The defendants asserted that the keyword-search method by which they collected and reviewed documents is what courts regularly endorse in commercial litigation, and further argued that they already produced over three million documents and invested thousands of hours in the review process, and it would represent an undue cost burden for them to be required to start the process over using predictive-coding technology.

Magistrate Judge Nolan urged the parties to focus on developing a mutually agreeable keyword-search strategy for e-discovery instead of debating whether other search-and-review methodologies would yield better results. At the moment, there have been no definitive pronouncements from the court on the viability of predictive coding, but this case bears watching due to the unique circumstances.

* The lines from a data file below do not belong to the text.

lemma ennreal_divide_le_of_divide_add_le:
  fixes a b c :: ennreal
  assumes "a < \<top>" and le: "\<And>\<delta>. 0 < \<delta> \<Longrightarrow> a / (b + ennreal \<delta>) \<le> c"
  shows "a / b \<le> c"
proof -
  have "((\<lambda>\<delta>. b + ennreal \<delta>) \<longlongrightarrow> b + ennreal 0) (at_right 0)"
    by (intro tendsto_intros)
  then have "((\<lambda>\<delta>. b + ennreal \<delta>) \<longlongrightarrow> b) (at_right 0)"
    by (simp only: ennreal_0 add_0_right)
  then have "((\<lambda>\<delta>. inverse (b + ennreal \<delta>)) \<longlongrightarrow> inverse b) (at_right 0)"
    by (rule continuous_on_tendsto_compose
        [OF continuous_on_inverse_ennreal[OF continuous_on_id[of UNIV]]]) auto
  then have "((\<lambda>\<delta>. a / (b + ennreal \<delta>)) \<longlongrightarrow> a / b) (at_right 0)"
    unfolding divide_ennreal_def by (rule ennreal_tendsto_cmult[OF \<open>a < \<top>\<close>])
  moreover have "\<forall>\<^sub>F \<delta> in at_right 0. a / (b + ennreal \<delta>) \<le> c"
    using eventually_at_right_less by (rule eventually_mono) (rule le)
  ultimately show ?thesis
    by (intro tendsto_le[OF trivial_limit_at_right_real tendsto_const])
qed

lemma ratio_eq_divide: "OPT F \<noteq> 0 \<Longrightarrow> ratio A F = OPT F / REV A F"
  by (simp add: ratio_def)

lemma exists_F_class_eq_ratio_ge:
  assumes \<mu>: "0 < \<mu>" and A: "nonneg_dist A" and F: "F \<in> F_class_eq \<mu> s"
    and s: "0 \<le> s" "s < \<sigma>" and \<delta>: "0 < \<delta>"
  shows "\<exists>F'\<in>F_class_eq \<mu> \<sigma>. OPT F / (REV A F + ennreal \<delta>) \<le> ratio A F'"
proof -
  \<comment> \<open>the weight for which the Markov bound \<open>e * \<mu>\<close> on the revenue from \<open>G\<close> equals \<open>(1 - e) * \<delta>\<close>\<close>
  define e where "e = \<delta> / (\<mu> + \<delta>)"
  have e: "0 < e" "e < 1"
    using \<mu> \<delta> by (auto simp: e_def)
  have e_\<mu>: "e * \<mu> = (1 - e) * \<delta>"
    using \<mu> \<delta> by (simp add: e_def field_simps)
  define t where "t = sqrt ((\<sigma>\<^sup>2 - (1 - e) * s\<^sup>2) / e)"
  have "(1 - e) * s\<^sup>2 \<le> s\<^sup>2" "s\<^sup>2 < \<sigma>\<^sup>2"
    using e s by (auto simp: mult_left_le_one_le power_strict_mono)
  then have \<sigma>: "\<sigma>\<^sup>2 = (1 - e) * s\<^sup>2 + e * t\<^sup>2"
    using e by (simp add: t_def)
  define G where "G = two_point (\<mu>\<^sup>2 / (t\<^sup>2 + \<mu>\<^sup>2)) 0 ((t\<^sup>2 + \<mu>\<^sup>2) / \<mu>)"
  have G: "G \<in> F_class_eq \<mu> t"
    unfolding G_def using \<mu> by (rule two_point_in_F_class_eq)
  have dist: "nonneg_dist F" "nonneg_dist G" and G_mean: "integrable G (\<lambda>x. x)" "(\<integral>x. x \<partial>G) = \<mu>"
    using F G by (auto simp: F_class_eq_def)
  define F' where "F' = mixture e F G"
  have F': "F' \<in> F_class_eq \<mu> \<sigma>"
    unfolding F'_def using F G e \<mu> \<sigma> by (intro mixture_in_F_class_eq) auto
  have OPT: "ennreal (1 - e) * OPT F \<le> OPT F'"
    unfolding F'_def using dist e by (intro OPT_mixture_ge) auto
  have "REV A F' \<le> ennreal (1 - e) * REV A F + ennreal (e * \<mu>)"
    unfolding F'_def using REV_mixture_le[OF A dist G_mean(1)] e G_mean(2) by simp
  also have "\<dots> = ennreal (1 - e) * (REV A F + ennreal \<delta>)"
    using e by (simp add: e_\<mu> ennreal_mult' distrib_left)
  finally have REV: "REV A F' \<le> ennreal (1 - e) * (REV A F + ennreal \<delta>)" .
  have "OPT F' \<noteq> 0"
    using OPT_pos_F_class[of F' \<mu> \<sigma>] F' F_class_eq_subset[of \<mu> \<sigma>] \<mu> by auto
  then have "ratio A F' = OPT F' / REV A F'"
    by (rule ratio_eq_divide)
  moreover have "OPT F / (REV A F + ennreal \<delta>)
      = ennreal (1 - e) * OPT F / (ennreal (1 - e) * (REV A F + ennreal \<delta>))"
    using e divide_mult_eq[of "ennreal (1 - e)" "OPT F" "REV A F + ennreal \<delta>"]
    by (simp add: mult.commute)
  ultimately have "OPT F / (REV A F + ennreal \<delta>) \<le> ratio A F'"
    using OPT REV by (simp add: ennreal_divide_mono)
  then show ?thesis
    using F' by blast
qed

Predictive coding offers the promise of faster, more accurate e-discovery review at a reduced cost, but the technology is still in the early stages of acceptance within the legal industry, and there are no easy answers that allow for the wholesale replacement of attorney reviewers. The truth, as with most things, lies somewhere in the middle where technology will be employed to support human decision making and plays a part, alongside trained attorneys, in capturing process efficiencies and improving speed while lowering costs involved in the discovery process.

The real value of predictive coding comes when attorneys can employ strategic uses of technology that benefit the litigant beyond simply capturing time savings and cost efficiencies, recognizing opportunities where technology adds value.

One such possibility is using predictive coding as a form of “smart quality control.” The potential benefits of using technology in this manner could include improved consistency in results, as well as the ability to address documents that were not collected or even contemplated at the start of the case.

In today’s environment of multi-party, multi-national litigation sometimes with foreign language collections, the best solutions require a combination of targeted technology tools, subject-matter experts, and experienced project managers. Carefully constructed processes can be designed to solve complex discovery-search projects, and predictive coding can be a highly effective tool in a larger arsenal of solutions as opposed to debating between technology and humans. There are rarely absolutes in the legal world, and the discovery process offers a wide spectrum of issues that are not easily resolved with a simple yes or no. The best course of action is to balance technology, people, and processes together to solve complex problems.

Keywords: litigation, corporate counsel, ESI, e-discovery

Mike Flanagan is general counsel for First Advantage Litigation Consulting.